When giving your dog a command or a treat, be sure to emphasise the positive reinforcement. If feasible, your order should just be one or two words long. Keep your thoughts and words organised; don’t ramble or change topics mid-workout.
When training, it’s important to get rid of any potential interruptions. Moving to a quieter room, isolating your dog from other dogs, and putting away toys are all good ways to be ready for training. Quite a few of the canines here are easily sidetracked, so it’s important to give oneself the best chance of success.
Trainings should be brief and to the point. Both you and your dog will experience frustration if you attempt to force the issue for too long. Not even you will benefit from it. If your dog seems disinterested in training, it’s best to stop for the day and try again later.
Is your dog one of the more active breeds? If so, you should tyre your dog out with some physical activity before asking for focused attention. Pre-work activities might be as easy as taking a stroll or playing a game of fetch with your dog.
Having the appropriate incentive may make a huge impact. A dog that isn’t interested in training won’t respond well to a reward that has no discernible flavour or aroma. Choose something he really enjoys, or just give him bite-sized portions of cooked chicken or turkey. You can motivate even the most obstinate dog to cooperate by raising the value of the goodies you provide.
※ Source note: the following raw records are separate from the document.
lemma finite_degree_subsets: "finite (degree_subsets l n k)"
  unfolding degree_subsets_def by (rule finite_subset[of _ "Pow {..<l}"]) auto

lemma basic_eigenvalues_degree:
  assumes "basic_eigenvalues X f l n a"
  shows "\<exists>b r (d :: nat \<Rightarrow> rat). qbasis (homology_group (int k) X) b r \<and>
    (\<forall>i<r. \<forall>j<r. qmatrix (homology_group (int k) X) b r (fstar (int k) X f) i j
      = (if i = j then d j else 0)) \<and>
    mset (map d [0..<r]) = image_mset (\<lambda>S. of_int (\<Prod>i\<in>S. a i)) (mset_set (degree_subsets l n k))"
  using assms unfolding basic_eigenvalues_def degree_subsets_def by (rule spec)

lemma qrank_homology_basic_eigenvalues:
  assumes "basic_eigenvalues X f l n a"
  shows "qrank (homology_group (int k) X) = card (degree_subsets l n k)"
proof -
  obtain b r and d :: "nat \<Rightarrow> rat" where B: "qbasis (homology_group (int k) X) b r"
    and ms: "mset (map d [0..<r]) = image_mset (\<lambda>S. of_int (\<Prod>i\<in>S. a i)) (mset_set (degree_subsets l n k))"
    using basic_eigenvalues_degree[OF assms, of k] by blast
  have "r = card (degree_subsets l n k)"
    using arg_cong[OF ms, of size] by simp
  with qrank_eq[OF abelian_homology_group B] show ?thesis by simp
qed

lemma qtrace_homology_funpow:
  assumes f: "continuous_map X X f" and BE: "basic_eigenvalues X f l n a"
  shows "qtrace (homology_group (int k) X) (fstar (int k) X (f ^^ m))
    = (\<Sum>S\<in>degree_subsets l n k. of_int (\<Prod>i\<in>S. a i) ^ m)"
proof -
  obtain b r and d :: "nat \<Rightarrow> rat" where B: "qbasis (homology_group (int k) X) b r"
    and dg: "\<forall>i<r. \<forall>j<r.
      qmatrix (homology_group (int k) X) b r (fstar (int k) X f) i j = (if i = j then d j else 0)"
    and ms: "mset (map d [0..<r]) = image_mset (\<lambda>S. of_int (\<Prod>i\<in>S. a i)) (mset_set (degree_subsets l n k))"
    using basic_eigenvalues_degree[OF BE, of k] by blast
  have "qtrace (homology_group (int k) X) (fstar (int k) X (f ^^ m)) = (\<Sum>j<r. d j ^ m)"
    using qtrace_eq[OF abelian_homology_group B hom_induced_hom]
      hom_induced_funpow_diagonal[OF f B, of d] dg unfolding qmatrix_def by simp
  also have "\<dots> = sum_list (map (\<lambda>x. x ^ m) (map d [0..<r]))"
    by (simp add: sum_set_upt_conv_sum_list_nat[symmetric] atLeast0LessThan)
  also have "\<dots> = sum_mset (image_mset (\<lambda>x. x ^ m) (mset (map d [0..<r])))"
    by (metis mset_map sum_mset_sum_list)
  also have "\<dots> = (\<Sum>S\<in>degree_subsets l n k. of_int (\<Prod>i\<in>S. a i) ^ m)"
    unfolding ms by (simp add: sum_unfold_sum_mset multiset.map_comp comp_def)
  finally show ?thesis .
qed

lemma int_root_of_unity:
  assumes "(of_int z :: complex) ^ m = 1" "m > 0"
  shows "z = 1 \<or> z = -1"
proof -
  have "norm (of_int z :: complex) = 1"
    using assms power_eq_1_iff by blast
  then have "\<bar>z\<bar> = 1"
    by (metis norm_of_int of_int_eq_1_iff of_int_abs)
  then show ?thesis by arith
qed

lemma basic_eigenvalue_unit:
  assumes BE: "basic_eigenvalues X f l n a" and QU: "quasi_unipotent X f" and "i < l"
  shows "a i = 1 \<or> a i = -1"
proof -
  let ?G = "homology_group (int (n i)) X" and ?h = "fstar (int (n i)) X f"
  obtain b r and d :: "nat \<Rightarrow> rat" where B: "qbasis ?G b r"
    and dg: "\<forall>p<r. \<forall>q<r. qmatrix ?G b r ?h p q = (if p = q then d q else 0)"
    and ms: "mset (map d [0..<r]) = image_mset (\<lambda>S. of_int (\<Prod>i\<in>S. a i)) (mset_set (degree_subsets l n (n i)))"
    using basic_eigenvalues_degree[OF BE, of "n i"] by blast
  have "{i} \<in> degree_subsets l n (n i)"
    using \<open>i < l\<close> unfolding degree_subsets_def by auto
  then have "of_int (a i) \<in># mset (map d [0..<r])"
    unfolding ms using finite_degree_subsets by (auto intro!: image_eqI[of _ _ "{i}"])
  then obtain j where "j < r" and dj: "d j = of_int (a i)"
    by auto
  have "qeigenvalue ?G ?h (of_rat (d j))"
    using qeigenvalue_diagonal_entry[OF abelian_homology_group B hom_induced_hom _ \<open>j < r\<close>] dg
    by blast
  then obtain m :: nat where "m > 0" "(of_rat (d j) :: complex) ^ m = 1"
    using QU unfolding quasi_unipotent_def by blast
  with dj show ?thesis
    using int_root_of_unity by simp
qed

lemma lefschetz_number_funpow:
  assumes f: "continuous_map X X f" and BE: "basic_eigenvalues X f l n a"
  shows "lefschetz_number X (f ^^ m) = (\<Prod>i<l. 1 + (-1) ^ n i * of_int (a i) ^ m)"
proof -
  define F :: "nat set \<Rightarrow> rat" where "F S = (-1) ^ (\<Sum>i\<in>S. n i) * of_int (\<Prod>i\<in>S. a i) ^ m" for S
  define K where "K = {k. card (degree_subsets l n k) \<noteq> 0}"
  have K: "K = (\<lambda>S. \<Sum>i\<in>S. n i) ` Pow {..<l}"
    using finite_degree_subsets unfolding K_def degree_subsets_def by auto
  have "lefschetz_number X (f ^^ m) = (\<Sum>k\<in>K. \<Sum>S\<in>degree_subsets l n k. F S)"
    unfolding lefschetz_number_def K_def F_def degree_subsets_def
    by (simp add: qrank_homology_basic_eigenvalues[OF BE] qtrace_homology_funpow[OF f BE]
        sum_distrib_left degree_subsets_def)
  also have "\<dots> = (\<Sum>k\<in>K. \<Sum>S\<in>{S \<in> Pow {..<l}. (\<Sum>i\<in>S. n i) = k}. F S)"
    unfolding degree_subsets_def by simp
  also have "\<dots> = (\<Sum>S\<in>Pow {..<l}. F S)"
    by (rule sum.group) (auto simp: K)
  also have "\<dots> = (\<Sum>S\<in>Pow {..<l}. (\<Prod>i\<in>S. (-1) ^ n i * of_int (a i) ^ m) * (\<Prod>i\<in>{..<l} - S. 1))"
    unfolding F_def by (intro sum.cong refl) (simp add: prod.distrib power_sum prod_power_distrib)
  also have "\<dots> = (\<Prod>i<l. (-1) ^ n i * of_int (a i) ^ m + 1)"
    by (rule prod_add[symmetric]) simp
  finally show ?thesis by (simp add: add.commute)
qed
Ask for assistance without feeling awkward. No reputable pet specialist or trainer will judge you negatively because you can’t handle everything at home. Consult a local reward-based dog trainer to discover effective methods of communicating with and encouraging your pet.
Accept your dog for who he is, flaws and all, and provide him unconditional love. Though he may never be the class leader or the agility competition champion, with some time, effort, and patience, your dog may learn the basics of obedience.